I needed a 4" diameter or larger drum sander....Wait! I have a 12" drum Grizzly sander that I can just pop the dust hood off and use it from the top! :thumbsup: It worked like a charm, a little scary, but just what I needed.


----------



## woodnthings (Jan 24, 2009)

*Part 12*

I wanted some small chrome knobs, for the drawer pulls.....Wait! I have some Nickle plated .38 Special fired cases. Just the right diameter, but too long. I can use a tubing cutter and shorten them. I can drill out the spent primer on the lathe with a countersink bit in the chuck. That makes a perfect recess for the attaching screw. :thumbsup:


----------



## woodnthings (Jan 24, 2009)

*Part 13*

The hidden drawers works great, and with the new base there's another secret compartment. The shellac really brings out the grain and color in the Maple and the Oak. A few coats and rub them out and it should be fine. Just a few more pices to make in the AM .... :sleep1::sleep1::sleep1::sweatdrop:


----------



## Smith Brother (Dec 9, 2012)

Unique, very unique. Such a neat design, nice to see someone beating to their own drum.

Wishing you well,

Dale in Indy 

P.S. I'm hoping we get to see other entries from other sites.


----------



## Dominick (May 2, 2011)

That's pretty cool bill. 
How did you come up with that? Looks rustic.


----------



## GROOVY (Apr 27, 2008)

Frank..ly I like it


----------



## mdntrdr (Dec 22, 2009)

*Hey Mikey...*

*:gunsmilie: I like it! :sailor:*


----------



## Smith Brother (Dec 9, 2012)

He could care less what you call him, it's the call saying he is a winner, now that will really tell us who he is..... 

Dale in Indy


----------



## woodnthings (Jan 24, 2009)

*Part 14 FINISHED!*

I got up at 5AM after trying to sleep for 3 hrs and started back in. 
Gave it one more coat of shellac, lined the drawers, installed the .38 Special drawer pulls, and made it by the deadline.:clap::clap: YEAAAAAA. 

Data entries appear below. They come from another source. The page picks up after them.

lemma card_UNIV_le_if_line_of_lifted_points:
  fixes L P :: "('n \<Rightarrow> 'a::{field,finite}) set"
  assumes "subfield K" "kspace UNIV 2 L" "kspace UNIV 1 P"
    and lifted: "\<And>v. v \<in> L \<Longrightarrow> v \<notin> P \<Longrightarrow> \<exists>z. z \<in> Kvec K \<and> z \<noteq> 0 \<and> kpoint UNIV v = kpoint UNIV z"
  shows "card (UNIV :: 'a set) \<le> card K + 1"
proof (rule ccontr)
  assume big: "\<not> ?thesis"
  have L: "ksubspace UNIV L"
    using assms(2) unfolding kspace_def by blast
  have line: "\<exists>c0. \<forall>c. c \<noteq> c0 \<longrightarrow>
      (\<exists>z. z \<in> Kvec K \<and> z \<noteq> 0 \<and> kpoint UNIV (\<lambda>i. x i + c * y i) = kpoint UNIV z)"
    if xy: "x \<in> L" "y \<in> L" "independent2 x y" for x y
  proof -
    obtain c0 where "\<forall>c. c \<noteq> c0 \<longrightarrow> (\<lambda>i. x i + c * y i) \<notin> P"
      using line_avoids_kspace_one[OF xy(3) assms(3)] by blast
    then show ?thesis
      using lifted ksubspace_line[OF L xy(1,2) UNIV_I] by blast
  qed
  obtain u w where uw: "u \<in> L" "w \<in> L" "independent2 u w"
    using kspace_two_independent2[OF assms(2)] by blast
  obtain c0 where c0: "\<forall>c. c \<noteq> c0 \<longrightarrow>
      (\<exists>z. z \<in> Kvec K \<and> z \<noteq> 0 \<and> kpoint UNIV (\<lambda>i. u i + c * w i) = kpoint UNIV z)"
    using line[OF uw] by blast
  have "\<exists>c. c \<notin> {c0, c'}" for c'
  proof -
    have "card {c0, c'} < card (UNIV :: 'a set)"
      using big subfield_card_ge_2[OF assms(1)] card_insert_if[of "{c'}" c0] by simp
    then show ?thesis
      by (metis UNIV_eq_I nat_less_le)
  qed
  then obtain c1 c2 where "c1 \<notin> {c0, c0}" "c2 \<notin> {c0, c1}"
    by meson
  then have "c1 \<noteq> c0" "c2 \<noteq> c0" "c1 \<noteq> c2"
    by auto
  obtain x where x: "x \<in> Kvec K" "x \<noteq> 0" "kpoint UNIV (\<lambda>i. u i + c1 * w i) = kpoint UNIV x"
    using c0[rule_format, OF \<open>c1 \<noteq> c0\<close>] by blast
  obtain y where y: "y \<in> Kvec K" "y \<noteq> 0" "kpoint UNIV (\<lambda>i. u i + c2 * w i) = kpoint UNIV y"
    using c0[rule_format, OF \<open>c2 \<noteq> c0\<close>] by blast
  have in_L: "z \<in> L" if "kpoint UNIV (\<lambda>i. u i + c * w i) = kpoint UNIV z" for c z
    using that ksubspace_line[OF L uw(1,2)] kpoint_subset_iff[OF subfield_UNIV L] by (metis UNIV_I)
  have "independent2 x y"
    using independent2_if_kpoint_neq[OF x(2) y(2)] independent2_line_kpoint_inj[OF uw(3)]
      x(3) y(3) \<open>c1 \<noteq> c2\<close> by metis
  then obtain d where d: "\<forall>c. c \<noteq> d \<longrightarrow>
      (\<exists>z. z \<in> Kvec K \<and> z \<noteq> 0 \<and> kpoint UNIV (\<lambda>i. x i + c * y i) = kpoint UNIV z)"
    using line[OF in_L[OF x(3)] in_L[OF y(3)]] by blast
  have "card (UNIV :: 'a set) \<le> card K + 1"
    by (rule card_UNIV_le_if_line_almost_rational[OF assms(1) x(1) y(1) \<open>independent2 x y\<close>])
      (use d in blast)
  with big show False ..
qed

The name of the project is *"2 Art Deco Chests"*

My name is Bill, aka Woodnthings.


----------



## woodnthings (Jan 24, 2009)

*Part 14 FINISHED! CONTINUED*

Some more photos showing the drawers and secret compartments.
It measures just a touch under 18" wide and less than 14" high. Two stacked together are under 16" thick/deep. So I meet the dimensions. :yes:


----------



## Shop Dad (May 3, 2011)

Cool design! Do you have plans for them?


----------



## sawdustfactory (Jan 30, 2011)

He got the plans from Ted! :blink:


----------



## woodnthings (Jan 24, 2009)

*I just "winged" it*



Shop Dad said:


> Cool design! Do you have plans for them?





sawdustfactory said:


> He got the plans from Ted! :blink:


There were no plans and I didn't have one either. If just sort of evolved. :blink:

But, I will be calling Ted to see if wants the scraps, maybe he can piece it back together, sort of reverse engineer them. :thumbdown:


----------



## Longknife (Oct 25, 2010)

Really nice and very unique and an interesting way of making them :thumbsup:. How do you come up with a design like that?
You certainly used the dimension limits very well :yes:


----------



## WillemJM (Aug 18, 2011)

Very nice Bill, love the hardware.:thumbsup:


----------



## Shop Dad (May 3, 2011)

:laughing: I actually meant what are you going to do with them? ("have plans")


----------



## Smith Brother (Dec 9, 2012)

I know your SECRET, you took a log or two, removed all the wood that didn't look like the ART DECO piece you had in your sharp mind, and WOW, a great piece appeared. 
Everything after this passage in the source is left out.